Segment Start: Input data
(* Let $T$ be a tree and $\mathcal{M}$ a $2$-matching of $T^\ell$. Then \[ d(\mathcal{M},X)=x_{\ell(\mathcal{M})}+\text{(terms of lower total degree)}, \] where $x_{\ell(\mathcal{M})}=\prod_{uu\in\ell(\mathcal{M})}x_u$.
   Context: A tree is a simple connected graph without cycles. $L(T,X)$ is the matrix indexed by $V(T)$ with diagonal entries $x_u$ and off-diagonal entry $-1$ for adjacent vertices and $0$ otherwise. A $2$-matching of a graph (loops allowed) is a set $\mathcal{M}$ of edges such that every vertex is incident to at most two edges of $\mathcal{M}$ (a loop counts twice for incidence but as one edge). $T^\ell$ is $T$ with a loop added at each vertex; $\ell(\mathcal{M})$ is the set of loops in $\mathcal{M}$. Components of $\mathcal{M}$ are single loops or paths of $T$; orient each path $w_1\cdots w_{m+1}$ (either direction), with heads $\{w_2,\dots,w_{m+1}\}$ and tails $\{w_1,\dots,w_m\}$, a loop $uu$ having head and tail $u$; $h(\mathcal{M})$, $t(\mathcal{M})$ are the unions of heads, resp. tails, over all components. $d(\mathcal{M},X)=\pm\det L(T,X)[h(\mathcal{M}),t(\mathcal{M})]$ (rows $h(\mathcal{M})$, columns $t(\mathcal{M})$), the sign chosen so that the leading coefficient is positive. *)

theory Defs
  imports "HOL-Library.Poly_Mapping" "Jordan_Normal_Form.Determinant"
begin

(* Multivariate polynomials in variables x_u (u a vertex) with integer coefficients:
  monomials are finitely supported exponent maps 'a => nat, polynomials are
  finitely supported maps monomial => int. *)
type_synonym 'a mpoly = "('a \<Rightarrow>\<^sub>0 nat) \<Rightarrow>\<^sub>0 int"

definition var :: "'a \<Rightarrow> 'a mpoly" where
  "var u = Poly_Mapping.single (Poly_Mapping.single u 1) 1"

definition mono_deg :: "('a \<Rightarrow>\<^sub>0 nat) \<Rightarrow> nat" where
  "mono_deg m = sum (Poly_Mapping.lookup m) (Poly_Mapping.keys m)"

definition var_prod :: "'a set \<Rightarrow> 'a mpoly" where
  "var_prod S = (\<Prod>u\<in>S. var u)"

definition lower_deg :: "'a mpoly \<Rightarrow> nat \<Rightarrow> bool" where
  "lower_deg p d \<longleftrightarrow> (\<forall>m\<in>Poly_Mapping.keys p. mono_deg m < d)"

definition simple_graph :: "'a set \<Rightarrow> 'a set set \<Rightarrow> bool" where
  "simple_graph V E \<longleftrightarrow> finite V \<and> (\<forall>e\<in>E. e \<subseteq> V \<and> card e = 2)"

definition connected_graph :: "'a set \<Rightarrow> 'a set set \<Rightarrow> bool" where
  "connected_graph V E \<longleftrightarrow> (\<forall>u\<in>V. \<forall>v\<in>V. (u, v) \<in> {(a, b). {a, b} \<in> E}\<^sup>*)"

definition acyclic_graph :: "'a set set \<Rightarrow> bool" where
  "acyclic_graph E \<longleftrightarrow> \<not> (\<exists>cs. length cs \<ge> 3 \<and> distinct cs \<and>
      (\<forall>i < length cs. {cs ! i, cs ! ((i + 1) mod length cs)} \<in> E))"

definition is_tree :: "'a set \<Rightarrow> 'a set set \<Rightarrow> bool" where
  "is_tree V E \<longleftrightarrow> simple_graph V E \<and> connected_graph V E \<and> acyclic_graph E"

text \<open>Edges of T^l: the edges of T together with a loop {u} at every vertex u.\<close>
definition loop_edges :: "'a set \<Rightarrow> 'a set set" where
  "loop_edges V = (\<lambda>u. {u}) ` V"

definition two_matching :: "'a set \<Rightarrow> 'a set set \<Rightarrow> 'a set set \<Rightarrow> bool" where
  "two_matching V E M \<longleftrightarrow> M \<subseteq> E \<union> loop_edges V \<and>
     (\<forall>v\<in>V. card {e \<in> M \<inter> E. v \<in> e} + (if {v} \<in> M then 2 else 0) \<le> (2::nat))"

text \<open>l(M), as the set of vertices carrying a loop in M\<close>
definition loops_of :: "'a set \<Rightarrow> 'a set set \<Rightarrow> 'a set" where
  "loops_of V M = {u \<in> V. {u} \<in> M}"

text \<open>An orientation of the path components of M: every non-loop edge of M gets exactly
  one direction, and every vertex has at most one outgoing and at most one incoming
  oriented edge (i.e. each path is oriented consistently from one end to the other).\<close>
definition path_orientation :: "'a set set \<Rightarrow> 'a set set \<Rightarrow> ('a \<times> 'a) set \<Rightarrow> bool" where
  "path_orientation E M D \<longleftrightarrow>
     (\<forall>(a, b)\<in>D. {a, b} \<in> M \<inter> E) \<and>
     (\<forall>a b. {a, b} \<in> M \<inter> E \<longrightarrow> ((a, b) \<in> D \<longleftrightarrow> (b, a) \<notin> D)) \<and>
     (\<forall>a b c. (a, b) \<in> D \<and> (a, c) \<in> D \<longrightarrow> b = c) \<and>
     (\<forall>a b c. (b, a) \<in> D \<and> (c, a) \<in> D \<longrightarrow> b = c)"

definition heads :: "'a set \<Rightarrow> 'a set set \<Rightarrow> ('a \<times> 'a) set \<Rightarrow> 'a set" where
  "heads V M D = snd ` D \<union> loops_of V M"

definition tails :: "'a set \<Rightarrow> 'a set set \<Rightarrow> ('a \<times> 'a) set \<Rightarrow> 'a set" where
  "tails V M D = fst ` D \<union> loops_of V M"

definition Lmat :: "'a set set \<Rightarrow> 'a \<Rightarrow> 'a \<Rightarrow> 'a mpoly" where
  "Lmat E u v = (if u = v then var u else if {u, v} \<in> E then -1 else 0)"

text \<open>det L(T,X)[R,C], rows and columns listed in increasing order (the sign is
  irrelevant, since the statement is up to sign).\<close>
definition sub_det :: "'a::linorder set set \<Rightarrow> 'a set \<Rightarrow> 'a set \<Rightarrow> 'a mpoly" where
  "sub_det E R C = det (mat (card R) (card C)
      (\<lambda>(i, j). Lmat E (sorted_list_of_set R ! i) (sorted_list_of_set C ! j)))"

end

theory Submission
  imports Defs "HOL-Library.Transitive_Closure_Table"
begin

text \<open>Expand the minor as a sum over bijections \<open>\<sigma>\<close> from the heads onto the tails. A term
  survives only if \<open>\<sigma>\<close> fixes each head or moves it to a neighbour, and it is then
  \<open>\<plusminus>\<close> the product of \<open>x\<^sub>v\<close> over the fixed points. One such bijection sends every head
  to its predecessor on its path and fixes the loop vertices. Every edge \<open>ab\<close> of a tree is a
  cut; counting heads and tails on the side of \<open>b\<close> shows that any surviving \<open>\<sigma>\<close> must map
  \<open>b\<close> to \<open>a\<close> for every arc \<open>(a, b)\<close>. So the fixed points of a surviving bijection lie in
  \<open>\<ell>(M)\<close>, with equality only for the predecessor map, which therefore contributes the
  unique term \<open>\<plusminus>x\<^bsub>\<ell>(M)\<^esub>\<close> of top degree.\<close>

lemma lower_deg_0 [simp]: "lower_deg 0 d"
  by (simp add: lower_deg_def)

lemma lower_deg_add: "lower_deg p d \<Longrightarrow> lower_deg q d \<Longrightarrow> lower_deg (p + q) d"
  unfolding lower_deg_def using Poly_Mapping.keys_add[of p q] by blast

lemma lower_deg_uminus [simp]: "lower_deg (- p) d \<longleftrightarrow> lower_deg p d"
  by (simp add: lower_deg_def)

lemma lower_deg_sum: "(\<And>x. x \<in> A \<Longrightarrow> lower_deg (f x) d) \<Longrightarrow> lower_deg (sum f A) d"
  by (induction A rule: infinite_finite_induct) (simp_all add: lower_deg_add)

definition set_monomial :: "'a set \<Rightarrow> ('a \<Rightarrow>\<^sub>0 nat)" where
  "set_monomial F = (\<Sum>u\<in>F. Poly_Mapping.single u 1)"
Segment End: Input data
* [Task]: Reproduce, word for word and in full, only the lines above that start at the line with "M D \<longleftrightarrow>" and run through the line with "a) \<notin> D)) \<and>", both ends included.

* [Response for this exercise]:
  "path_orientation E M D \<longleftrightarrow>
     (\<forall>(a, b)\<in>D. {a, b} \<in> M \<inter> E) \<and>
     (\<forall>a b. {a, b} \<in> M \<inter> E \<longrightarrow> ((a, b) \<in> D \<longleftrightarrow> (b, a) \<notin> D)) \<and>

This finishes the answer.